РУКОВОДСТВО К ПОЛЬЗОВАНИЮ И ПРЕДУПРЕЖДЕНИЕ ОБ ОПАСНОСТИ

Напоследок, в порядке очередности, но не в порядке важности, я решительно настаиваю, что эта книга посвящена возвышенному историческому опыту и никаким другим темам (как то: историче­ское объяснение, историческая причинность, историческое по­вествование, или историческая репрезентация). Поэтому ее не следует интерпретировать как отказ от того, что я говорил на эти темы в своих предыдущих работах. Эта книга не оспаривает убе­ждения, что есть, или скорее имело место, прошлое, существую­щее независимо от того, что мы можем сказать или написать о нем; что в отношении прошлого мы можем делать истинные или ложные высказывания; что мы можем объяснять прошлое, указы­вая на причины или используя тексты, репрезентирующие это прошлое; что все эти предметы подлежат рациональному обсуж­дению; и наконец, что исторический скептицизм безоснователен и существует такая вещь, как прогресс в историописании. Эта книга - не о философских проблемах историописания и не об от­ношении между историописанием и прошлым. Тем не менее она написана из предположения, что в нашем отношении к прошло­му есть этап, предшествующий тому моменту, когда историки при­ступают к бесстрастному исследованию объективно данного им прошлого. Это этап возвышенного исторического опыта24, этап, где происходит то самое гештальт-переключение, о котором я го­ворил выше. Это этап, который поощряет вопросы (разумеется, совершенно непрактические) о том, как возникает понятие исто-

37

 

рического прошлого, о том, как мы связаны с прошлым, о том, должны ли мы считать прошлое важным (или неважным) для нас, и о том, как прошлое может жить в наших сердцах и в наших умах - короче говоря, о том, какова природа и каковы истоки исто­рического сознания. Этот этап предшествует любым вопросам об ис­торической истинности и ложности. Как я объяснил выше, обсу­ждаемую в этой книге концепцию исторического опыта нельзя связывать с вопросами истинности и ложности. Поэтому эту кни­гу нельзя критиковать за то, что она ничего не говорит о том, как исторический опыт может помочь нам добиться истины в отно­шении прошлого. Моя книга просто не об этом. Тем самым я не хочу сказать, что вопросы истинности и ложности не находят своего применения в ситуации, когда мы говорим о том, как мы связаны с нашим прошлым. Напротив, я с большим уважением отношусь к тому, что философы истории успели сказать по этому поводу. Но эта книга посвящена другой теме.
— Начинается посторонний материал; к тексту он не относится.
lemma exists_padded_level:
  assumes "\<forall>C\<in>\<C>. C \<subseteq> X" "X \<subseteq> \<Union>\<C>" "x \<in> X"
    and mult: "\<forall>A\<subseteq>X. diam_le A s \<longrightarrow>
            finite {C\<in>\<C>. C \<inter> A \<noteq> {}} \<and> card {C\<in>\<C>. C \<inter> A \<noteq> {}} \<le> d + 1"
    and "\<delta> > 0" "4 * (real d + 1) * \<delta> \<le> s"
  shows "\<exists>j\<le>d. cball x \<delta> \<inter> X \<subseteq> level_class X \<C> ((2 * real j + 1) * \<delta>) x"
proof -
  define N where "N i = near_members \<C> x (2 * real i * \<delta>)" for i
  have N_bound: "finite (N i) \<and> card (N i) \<le> d + 1" if "i \<le> Suc d" for i
  proof -
    have "real i * \<delta> \<le> (real d + 1) * \<delta>"
      using that \<open>\<delta> > 0\<close> by (intro mult_right_mono) auto
    hence "2 * (2 * real i * \<delta>) \<le> s"
      using \<open>4 * (real d + 1) * \<delta> \<le> s\<close> by linarith
    thus ?thesis unfolding N_def using finite_near_members[OF assms(1) mult] by blast
  qed
  have N_mono: "N i \<subseteq> N (Suc i)" for i
    unfolding N_def using \<open>\<delta> > 0\<close> by (intro near_members_mono) simp
  have "\<exists>j\<le>d. card (N j) = card (N (Suc j))"
  proof (rule exists_plateau)
    show "card (N 0) \<ge> 1"
      using N_bound[of 0] near_members_nonempty[OF assms(2,3)]
      by (simp add: N_def Suc_le_eq card_gt_0_iff)
    show "card (N (Suc d)) \<le> d + 1" using N_bound by simp
    show "card (N i) \<le> card (N (Suc i))" if "i \<le> d" for i
      using N_bound[of "Suc i"] N_mono that by (intro card_mono) auto
  qed
  then obtain j where "j \<le> d" "card (N j) = card (N (Suc j))" by auto
  hence "N j = N (Suc j)" using card_subset_eq N_bound N_mono by (metis Suc_le_mono)
  hence "near_members \<C> x ((2 * real j + 1) * \<delta> - \<delta>) =
         near_members \<C> x ((2 * real j + 1) * \<delta> + \<delta>)"
    unfolding N_def by (simp add: algebra_simps)
  with \<open>j \<le> d\<close> \<open>\<delta> > 0\<close> show ?thesis using cball_subset_level_class by fastforce
qed

lemma padded_decomposition_of_cover:
  fixes X :: "'a::metric_space set" and \<C> :: "'a set set"
  assumes cover: "\<forall>C\<in>\<C>. C \<subseteq> X \<and> diam_le C D" "X \<subseteq> \<Union>\<C>"
    and mult: "\<forall>A\<subseteq>X. diam_le A s \<longrightarrow>
            finite {C\<in>\<C>. C \<inter> A \<noteq> {}} \<and> card {C\<in>\<C>. C \<inter> A \<noteq> {}} \<le> d + 1"
    and "\<epsilon> * \<Delta> > 0"
    and "4 * (real d + 1) * (\<epsilon> * \<Delta>) \<le> s"
    and "D + 2 * (2 * real d + 1) * (\<epsilon> * \<Delta>) \<le> \<Delta>"
  shows "\<exists>M. stoch_decomp X M \<Delta> \<and> padded X M \<Delta> \<epsilon> (1 / (real d + 1))"
proof -
  define \<delta> where "\<delta> = \<epsilon> * \<Delta>"
  have "\<delta> > 0" using assms(4) unfolding \<delta>_def .
  define P where "P j = level_partition X \<C> ((2 * real j + 1) * \<delta>)" for j :: nat
  define M where "M = uniform_count_measure (P ` {0..d})"
  have space_M: "space M = P ` {0..d}" "sets M = Pow (P ` {0..d})"
    unfolding M_def by (simp_all add: space_uniform_count_measure sets_uniform_count_measure)
  have diam_P: "\<forall>C\<in>P j. diam_le C \<Delta>" if "j \<le> d" for j
  proof
    fix C assume "C \<in> P j"
    then obtain y where "C = level_class X \<C> ((2 * real j + 1) * \<delta>) y"
      unfolding P_def level_partition_def by auto
    hence "diam_le C (D + 2 * ((2 * real j + 1) * \<delta>))"
      using diam_le_level_class[of \<C> D X] cover \<open>\<delta> > 0\<close> by simp
    moreover have "(2 * real j + 1) * \<delta> \<le> (2 * real d + 1) * \<delta>"
      using that \<open>\<delta> > 0\<close> by (intro mult_right_mono) auto
    hence "D + 2 * ((2 * real j + 1) * \<delta>) \<le> \<Delta>"
      using assms(6) unfolding \<delta>_def by linarith
    ultimately show "diam_le C \<Delta>" by (rule diam_le_mono)
  qed
  have "stoch_decomp X M \<Delta>"
    unfolding stoch_decomp_def
  proof (intro conjI)
    show "prob_space M" unfolding M_def by (rule prob_space_uniform_count_measure) auto
    show "\<forall>Q\<in>space M. is_partition X Q"
      using space_M is_partition_level_partition unfolding P_def by auto
    show "AE Q in M. \<forall>C\<in>Q. diam_le C \<Delta>"
      using space_M diam_P by (intro AE_I2) auto
  qed
  moreover have "padded X M \<Delta> \<epsilon> (1 / (real d + 1))"
    unfolding padded_def
  proof (intro ballI conjI)
    fix x assume "x \<in> X"
    let ?E = "{Q\<in>space M. cball x (\<epsilon> * \<Delta>) \<inter> X \<subseteq> part_of Q x}"
    show "?E \<in> sets M" using space_M by auto
    obtain j where "j \<le> d" "cball x \<delta> \<inter> X \<subseteq> level_class X \<C> ((2 * real j + 1) * \<delta>) x"
      using exists_padded_level[OF _ cover(2) \<open>x \<in> X\<close> mult \<open>\<delta> > 0\<close>] cover assms(5)
      unfolding \<delta>_def by blast
    hence "cball x (\<epsilon> * \<Delta>) \<inter> X \<subseteq> part_of (P j) x"
      using part_of_level_partition[OF \<open>x \<in> X\<close>] unfolding P_def \<delta>_def by simp
    hence "P j \<in> ?E" using space_M \<open>j \<le> d\<close> by auto
    moreover have "?E \<subseteq> P ` {0..d}" using space_M by auto
    moreover have "card (P ` {0..d}) \<le> d + 1" using card_image_le[of "{0..d}" P] by simp
    ultimately have "1 / real (d + 1) \<le> measure M ?E"
      using measure_uniform_count_measure_ge[of "P ` {0..d}" ?E "d + 1"]
      unfolding M_def by blast
    thus "measure M ?E \<ge> 1 / (real d + 1)" by (simp add: add.commute)
  qed
  ultimately show ?thesis by blast
qed

lemma padding_parameters:
  fixes \<Delta> \<gamma> g :: real and d :: nat
  defines "\<epsilon> \<equiv> 1 / (100 * \<gamma> * (real d)^2)" and "s \<equiv> \<Delta> / (2 * \<gamma>)"
  assumes "\<gamma> \<ge> 1" "d \<ge> 1" "\<Delta> > 0" "g \<le> \<gamma>"
  shows "4 * (real d + 1) * (\<epsilon> * \<Delta>) \<le> s"
    and "g * s + 2 * (2 * real d + 1) * (\<epsilon> * \<Delta>) \<le> \<Delta>"
proof -
  have d: "real d \<ge> 1" "real d \<le> (real d)^2"
    using assms(4) by (auto simp: power2_eq_square)
  have small: "4 * (x + 1) \<le> 50 * y" "2 * (2 * x + 1) \<le> 50 * y"
    if "1 \<le> x" "x \<le> y" for x y :: real
    using that by simp_all
  have "4 * (real d + 1) \<le> 50 * (real d)^2"
    using small(1) d by blast
  hence "4 * (real d + 1) * (\<epsilon> * \<Delta>) \<le> 50 * (real d)^2 * (\<epsilon> * \<Delta>)"
    using assms(3,5) unfolding \<epsilon>_def by (intro mult_right_mono) auto
  also have "\<dots> = s"
    using d assms(3) unfolding \<epsilon>_def s_def by (simp add: field_simps)
  finally show "4 * (real d + 1) * (\<epsilon> * \<Delta>) \<le> s" .
  have "(real d)^2 \<le> \<gamma> * (real d)^2"
    using mult_right_mono[OF assms(3), of "(real d)^2"] by simp
  hence "2 * (2 * real d + 1) \<le> 50 * (\<gamma> * (real d)^2)"
    using small(2) d by (meson order_trans)
  hence "2 * (2 * real d + 1) * (\<epsilon> * \<Delta>) \<le> 50 * (\<gamma> * (real d)^2) * (\<epsilon> * \<Delta>)"
    using assms(3,5) unfolding \<epsilon>_def by (intro mult_right_mono) auto
  also have "\<dots> = \<Delta> / 2"
    using d assms(3) unfolding \<epsilon>_def by (simp add: field_simps)
  finally have "2 * (2 * real d + 1) * (\<epsilon> * \<Delta>) \<le> \<Delta> / 2" .
  moreover have "g * s \<le> \<Delta> / 2"
    using mult_right_mono[OF assms(6), of s] assms(3,5) unfolding s_def by simp
  ultimately show "g * s + 2 * (2 * real d + 1) * (\<epsilon> * \<Delta>) \<le> \<Delta>" by linarith
qed
lemma hyers_additive_approximation:
  fixes h :: "'a \<Rightarrow> 'e::banach" and mult :: "'a \<Rightarrow> 'a \<Rightarrow> 'a"
  assumes closed: "\<And>x y. x \<in> S \<Longrightarrow> y \<in> S \<Longrightarrow> mult x y \<in> S"
    and assoc: "\<And>x y z. x \<in> S \<Longrightarrow> y \<in> S \<Longrightarrow> z \<in> S \<Longrightarrow> mult (mult x y) z = mult x (mult y z)"
    and commute: "\<And>x y. x \<in> S \<Longrightarrow> y \<in> S \<Longrightarrow> mult x y = mult y x"
    and approx: "\<And>x y. x \<in> S \<Longrightarrow> y \<in> S \<Longrightarrow> norm (h (mult x y) - h x - h y) \<le> \<delta>"
  obtains A where "\<And>x y. x \<in> S \<Longrightarrow> y \<in> S \<Longrightarrow> A (mult x y) = A x + A y"
    and "\<And>x. x \<in> S \<Longrightarrow> norm (A x - h x) \<le> \<delta>"
proof -
  define sq where "sq = (\<lambda>x. mult x x)"
  define X where "X x n = (1 / 2 ^ n) *\<^sub>R h ((sq ^^ n) x)" for x n
  have sq_closed: "sq x \<in> S" if "x \<in> S" for x
    using that by (simp add: sq_def closed)
  have sq_pow_closed: "(sq ^^ n) x \<in> S" if "x \<in> S" for x n
    using that by (induction n) (simp_all add: sq_closed)
  have sq_pow_mult: "(sq ^^ n) (mult x y) = mult ((sq ^^ n) x) ((sq ^^ n) y)"
    if "x \<in> S" "y \<in> S" for x y n
    unfolding sq_def by (rule funpow_square_mult[OF closed assoc commute that])
  have sq_approx: "norm (h (sq x) - 2 *\<^sub>R h x) \<le> \<delta>" if "x \<in> S" for x
    using approx[OF that that] by (simp add: sq_def scaleR_2 diff_diff_eq)
  define A where "A x = lim (X x)" for x
  have A_limit: "X x \<longlonglongrightarrow> A x" and A_near: "norm (A x - h x) \<le> \<delta>" if x: "x \<in> S" for x
  proof -
    obtain L where "X x \<longlonglongrightarrow> L" "norm (L - h x) \<le> \<delta>"
      unfolding X_def by (rule doubling_sequence_limit[of S sq h \<delta> x, OF sq_closed sq_approx x])
    moreover from this have "A x = L" by (simp add: A_def limI)
    ultimately show "X x \<longlonglongrightarrow> A x" "norm (A x - h x) \<le> \<delta>" by simp_all
  qed
  have "A (mult x y) = A x + A y" if "x \<in> S" "y \<in> S" for x y
  proof -
    have "(\<lambda>n. X (mult x y) n - X x n - X y n) \<longlonglongrightarrow> A (mult x y) - A x - A y"
      using A_limit that closed by (intro tendsto_diff) auto
    moreover have "(\<lambda>n. X (mult x y) n - X x n - X y n) \<longlonglongrightarrow> 0"
    proof (rule Lim_null_comparison)
      show "(\<lambda>n. \<delta> / 2 ^ n) \<longlonglongrightarrow> 0"
        by (intro LIMSEQ_divide_realpow_zero) simp
      have "X (mult x y) n - X x n - X y n
          = (1 / 2 ^ n) *\<^sub>R (h (mult ((sq ^^ n) x) ((sq ^^ n) y)) - h ((sq ^^ n) x) - h ((sq ^^ n) y))" for n
        by (simp add: X_def sq_pow_mult that algebra_simps)
      then show "\<forall>\<^sub>F n in sequentially. norm (X (mult x y) n - X x n - X y n) \<le> \<delta> / 2 ^ n"
        using approx[OF sq_pow_closed sq_pow_closed] that by (simp add: divide_right_mono)
    qed
    ultimately have "A (mult x y) - A x - A y = 0" by (rule LIMSEQ_unique)
    then show ?thesis by (simp add: algebra_simps)
  qed
  with A_near that show ?thesis by blast
qed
Поэтому если кто-то твердо и неисправимо убежден, что те во­просы о способе нашего отношения к прошлому, которые успеш­но сопротивляются формулированию в терминах истинности и ложности, только бесполезны, бессмысленны, не заслуживают философского исследования или, хуже того, что они вообще не существуют, пусть он или она сразу закроет эту книгу и никогда больше не открывает ее25.